== Supplied data ==

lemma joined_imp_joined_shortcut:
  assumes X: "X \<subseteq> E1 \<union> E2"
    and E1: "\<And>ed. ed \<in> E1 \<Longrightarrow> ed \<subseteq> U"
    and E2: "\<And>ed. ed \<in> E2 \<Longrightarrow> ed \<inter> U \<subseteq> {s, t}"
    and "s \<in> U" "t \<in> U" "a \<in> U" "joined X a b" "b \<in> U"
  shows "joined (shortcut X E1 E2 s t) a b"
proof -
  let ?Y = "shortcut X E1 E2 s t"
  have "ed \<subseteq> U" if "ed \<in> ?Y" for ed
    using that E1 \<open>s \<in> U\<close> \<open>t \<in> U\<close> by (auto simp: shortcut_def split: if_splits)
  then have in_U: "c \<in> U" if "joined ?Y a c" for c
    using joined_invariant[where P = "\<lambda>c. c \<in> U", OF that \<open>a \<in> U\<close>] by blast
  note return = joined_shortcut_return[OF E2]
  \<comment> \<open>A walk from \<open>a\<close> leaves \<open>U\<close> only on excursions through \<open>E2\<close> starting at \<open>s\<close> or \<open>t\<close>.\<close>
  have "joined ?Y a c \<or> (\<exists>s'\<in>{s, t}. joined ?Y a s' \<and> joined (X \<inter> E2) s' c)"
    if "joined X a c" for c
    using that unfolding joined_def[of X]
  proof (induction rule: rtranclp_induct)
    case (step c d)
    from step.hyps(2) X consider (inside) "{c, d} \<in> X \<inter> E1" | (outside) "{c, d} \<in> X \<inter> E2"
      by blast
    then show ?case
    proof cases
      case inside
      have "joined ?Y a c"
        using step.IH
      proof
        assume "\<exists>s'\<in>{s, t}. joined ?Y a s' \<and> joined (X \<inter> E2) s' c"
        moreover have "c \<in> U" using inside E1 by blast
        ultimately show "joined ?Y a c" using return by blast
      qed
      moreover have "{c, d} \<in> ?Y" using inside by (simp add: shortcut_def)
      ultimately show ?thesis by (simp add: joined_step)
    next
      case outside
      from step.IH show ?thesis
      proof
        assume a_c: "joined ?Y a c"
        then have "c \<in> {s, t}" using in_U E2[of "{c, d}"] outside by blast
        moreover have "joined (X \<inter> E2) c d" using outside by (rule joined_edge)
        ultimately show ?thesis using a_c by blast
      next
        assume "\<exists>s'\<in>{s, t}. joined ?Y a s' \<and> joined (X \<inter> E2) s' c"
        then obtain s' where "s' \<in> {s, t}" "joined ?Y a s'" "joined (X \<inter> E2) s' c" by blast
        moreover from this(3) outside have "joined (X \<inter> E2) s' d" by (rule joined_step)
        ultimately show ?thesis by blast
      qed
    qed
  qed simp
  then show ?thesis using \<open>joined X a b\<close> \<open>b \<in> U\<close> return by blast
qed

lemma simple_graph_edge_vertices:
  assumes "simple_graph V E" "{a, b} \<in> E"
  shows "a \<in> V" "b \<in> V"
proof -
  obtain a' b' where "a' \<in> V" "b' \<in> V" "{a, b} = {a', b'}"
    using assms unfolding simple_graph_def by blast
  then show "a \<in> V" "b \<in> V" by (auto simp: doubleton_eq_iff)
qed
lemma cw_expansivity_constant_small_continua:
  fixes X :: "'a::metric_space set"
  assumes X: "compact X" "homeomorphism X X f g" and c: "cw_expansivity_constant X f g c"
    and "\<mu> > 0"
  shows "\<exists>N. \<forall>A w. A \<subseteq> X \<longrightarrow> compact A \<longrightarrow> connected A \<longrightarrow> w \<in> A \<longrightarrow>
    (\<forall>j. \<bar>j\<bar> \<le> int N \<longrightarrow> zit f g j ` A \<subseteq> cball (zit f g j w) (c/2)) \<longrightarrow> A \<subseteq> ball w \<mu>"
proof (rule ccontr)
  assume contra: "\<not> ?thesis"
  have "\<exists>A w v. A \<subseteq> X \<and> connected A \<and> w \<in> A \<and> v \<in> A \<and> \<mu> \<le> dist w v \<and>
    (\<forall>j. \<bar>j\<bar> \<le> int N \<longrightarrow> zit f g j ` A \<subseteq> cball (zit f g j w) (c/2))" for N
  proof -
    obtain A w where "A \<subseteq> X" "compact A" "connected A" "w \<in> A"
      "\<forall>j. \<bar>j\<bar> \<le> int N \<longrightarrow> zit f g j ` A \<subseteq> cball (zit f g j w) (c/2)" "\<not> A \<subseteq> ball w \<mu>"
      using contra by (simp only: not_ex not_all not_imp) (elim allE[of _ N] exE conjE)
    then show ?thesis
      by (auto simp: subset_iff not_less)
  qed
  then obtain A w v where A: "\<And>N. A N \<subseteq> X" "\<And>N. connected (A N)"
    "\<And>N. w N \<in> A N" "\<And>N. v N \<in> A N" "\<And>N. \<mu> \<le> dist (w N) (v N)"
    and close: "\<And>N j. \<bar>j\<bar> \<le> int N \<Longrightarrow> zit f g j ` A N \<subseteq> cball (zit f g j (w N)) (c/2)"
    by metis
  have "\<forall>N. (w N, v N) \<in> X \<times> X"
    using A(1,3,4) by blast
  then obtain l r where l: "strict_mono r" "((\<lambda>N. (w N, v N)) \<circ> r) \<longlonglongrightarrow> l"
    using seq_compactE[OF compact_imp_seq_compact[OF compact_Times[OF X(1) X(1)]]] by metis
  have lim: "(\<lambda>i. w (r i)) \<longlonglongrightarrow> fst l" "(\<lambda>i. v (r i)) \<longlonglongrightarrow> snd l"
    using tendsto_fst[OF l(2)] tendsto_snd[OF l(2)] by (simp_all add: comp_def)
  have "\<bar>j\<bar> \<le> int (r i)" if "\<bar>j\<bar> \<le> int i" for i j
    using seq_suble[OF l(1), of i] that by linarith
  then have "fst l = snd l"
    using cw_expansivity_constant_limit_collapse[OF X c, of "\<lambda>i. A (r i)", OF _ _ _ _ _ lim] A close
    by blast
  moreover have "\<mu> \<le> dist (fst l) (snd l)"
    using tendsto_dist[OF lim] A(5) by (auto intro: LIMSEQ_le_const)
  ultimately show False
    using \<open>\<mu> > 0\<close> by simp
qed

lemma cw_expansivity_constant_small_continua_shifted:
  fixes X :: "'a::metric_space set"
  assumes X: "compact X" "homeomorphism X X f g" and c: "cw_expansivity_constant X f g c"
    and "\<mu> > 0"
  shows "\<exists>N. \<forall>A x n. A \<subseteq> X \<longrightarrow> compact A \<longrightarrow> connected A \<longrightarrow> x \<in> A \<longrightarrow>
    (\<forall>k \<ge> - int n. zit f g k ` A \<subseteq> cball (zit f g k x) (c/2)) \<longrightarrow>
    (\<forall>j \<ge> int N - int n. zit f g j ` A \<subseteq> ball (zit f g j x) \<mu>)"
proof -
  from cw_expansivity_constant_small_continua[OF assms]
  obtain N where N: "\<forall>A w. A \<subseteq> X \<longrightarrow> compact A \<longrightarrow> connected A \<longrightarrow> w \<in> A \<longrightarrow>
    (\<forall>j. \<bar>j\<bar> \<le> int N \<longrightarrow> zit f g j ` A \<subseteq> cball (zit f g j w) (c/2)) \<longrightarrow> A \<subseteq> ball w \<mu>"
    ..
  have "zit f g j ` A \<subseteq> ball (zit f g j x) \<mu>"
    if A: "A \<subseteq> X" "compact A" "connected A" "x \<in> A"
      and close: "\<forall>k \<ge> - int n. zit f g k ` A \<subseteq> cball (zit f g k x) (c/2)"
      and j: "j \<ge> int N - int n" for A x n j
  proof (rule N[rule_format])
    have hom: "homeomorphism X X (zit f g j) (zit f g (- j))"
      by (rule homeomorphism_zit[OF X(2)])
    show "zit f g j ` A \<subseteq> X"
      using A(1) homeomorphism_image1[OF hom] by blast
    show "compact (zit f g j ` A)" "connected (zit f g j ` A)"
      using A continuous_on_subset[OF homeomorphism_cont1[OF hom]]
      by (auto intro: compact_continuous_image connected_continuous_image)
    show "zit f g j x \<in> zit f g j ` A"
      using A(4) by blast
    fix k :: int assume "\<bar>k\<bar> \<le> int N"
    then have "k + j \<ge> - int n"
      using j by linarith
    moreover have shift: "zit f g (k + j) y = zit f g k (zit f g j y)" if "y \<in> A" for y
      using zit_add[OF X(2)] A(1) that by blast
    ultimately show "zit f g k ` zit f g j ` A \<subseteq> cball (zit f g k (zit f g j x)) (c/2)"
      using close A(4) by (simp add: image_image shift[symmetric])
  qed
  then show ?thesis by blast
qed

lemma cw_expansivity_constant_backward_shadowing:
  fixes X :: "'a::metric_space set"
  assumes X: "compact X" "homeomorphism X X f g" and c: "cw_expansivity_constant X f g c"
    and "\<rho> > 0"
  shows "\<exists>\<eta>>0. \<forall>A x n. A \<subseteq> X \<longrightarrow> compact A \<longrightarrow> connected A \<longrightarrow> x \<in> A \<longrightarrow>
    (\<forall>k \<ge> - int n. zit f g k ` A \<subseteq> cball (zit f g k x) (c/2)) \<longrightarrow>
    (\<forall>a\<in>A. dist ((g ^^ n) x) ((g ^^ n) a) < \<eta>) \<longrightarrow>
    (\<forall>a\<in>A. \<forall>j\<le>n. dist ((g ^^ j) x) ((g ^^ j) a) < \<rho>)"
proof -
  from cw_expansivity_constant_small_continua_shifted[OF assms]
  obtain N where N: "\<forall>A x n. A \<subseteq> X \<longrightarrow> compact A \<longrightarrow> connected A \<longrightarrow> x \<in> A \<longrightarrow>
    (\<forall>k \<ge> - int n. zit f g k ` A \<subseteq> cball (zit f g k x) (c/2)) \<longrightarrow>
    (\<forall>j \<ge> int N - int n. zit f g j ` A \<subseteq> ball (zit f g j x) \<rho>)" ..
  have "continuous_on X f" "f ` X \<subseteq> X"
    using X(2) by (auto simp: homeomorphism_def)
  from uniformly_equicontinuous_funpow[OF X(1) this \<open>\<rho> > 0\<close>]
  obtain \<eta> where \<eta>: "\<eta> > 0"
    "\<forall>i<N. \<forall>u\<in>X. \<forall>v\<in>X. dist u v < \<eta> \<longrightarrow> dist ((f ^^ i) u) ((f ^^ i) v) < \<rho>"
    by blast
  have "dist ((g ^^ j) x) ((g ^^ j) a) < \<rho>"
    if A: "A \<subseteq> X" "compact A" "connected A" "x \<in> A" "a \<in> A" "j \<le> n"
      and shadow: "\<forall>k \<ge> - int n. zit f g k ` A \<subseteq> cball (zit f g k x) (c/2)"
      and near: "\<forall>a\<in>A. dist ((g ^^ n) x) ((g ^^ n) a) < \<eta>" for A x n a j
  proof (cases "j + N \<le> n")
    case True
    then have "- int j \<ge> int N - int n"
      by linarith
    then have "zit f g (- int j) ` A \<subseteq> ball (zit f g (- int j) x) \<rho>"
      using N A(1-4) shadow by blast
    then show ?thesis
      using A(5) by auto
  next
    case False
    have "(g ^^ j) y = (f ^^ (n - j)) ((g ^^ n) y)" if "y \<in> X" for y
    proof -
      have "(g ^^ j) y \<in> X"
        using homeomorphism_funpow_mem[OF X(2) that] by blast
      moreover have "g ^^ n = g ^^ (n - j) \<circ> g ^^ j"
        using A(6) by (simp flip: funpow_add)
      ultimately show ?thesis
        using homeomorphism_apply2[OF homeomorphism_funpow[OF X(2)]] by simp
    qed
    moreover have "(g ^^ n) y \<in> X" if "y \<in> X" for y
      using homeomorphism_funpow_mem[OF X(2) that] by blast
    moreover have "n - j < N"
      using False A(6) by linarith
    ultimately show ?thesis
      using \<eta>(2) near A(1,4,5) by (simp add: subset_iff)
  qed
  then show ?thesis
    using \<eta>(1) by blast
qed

===

What is needed:
Search the material for "open" and copy each matching line.

The completed task:
    using that E1 \<open>s \<in> U\<close> \<open>t \<in> U\<close> by (auto simp: shortcut_def split: if_splits)
    using joined_invariant[where P = "\<lambda>c. c \<in> U", OF that \<open>a \<in> U\<close>] by blast
  \<comment> \<open>A walk from \<open>a\<close> leaves \<open>U\<close> only on excursions through \<open>E2\<close> starting at \<open>s\<close> or \<open>t\<close>.\<close>
  then show ?thesis using \<open>joined X a b\<close> \<open>b \<in> U\<close> return by blast
    using \<open>\<mu> > 0\<close> by simp
  from uniformly_equicontinuous_funpow[OF X(1) this \<open>\<rho> > 0\<close>]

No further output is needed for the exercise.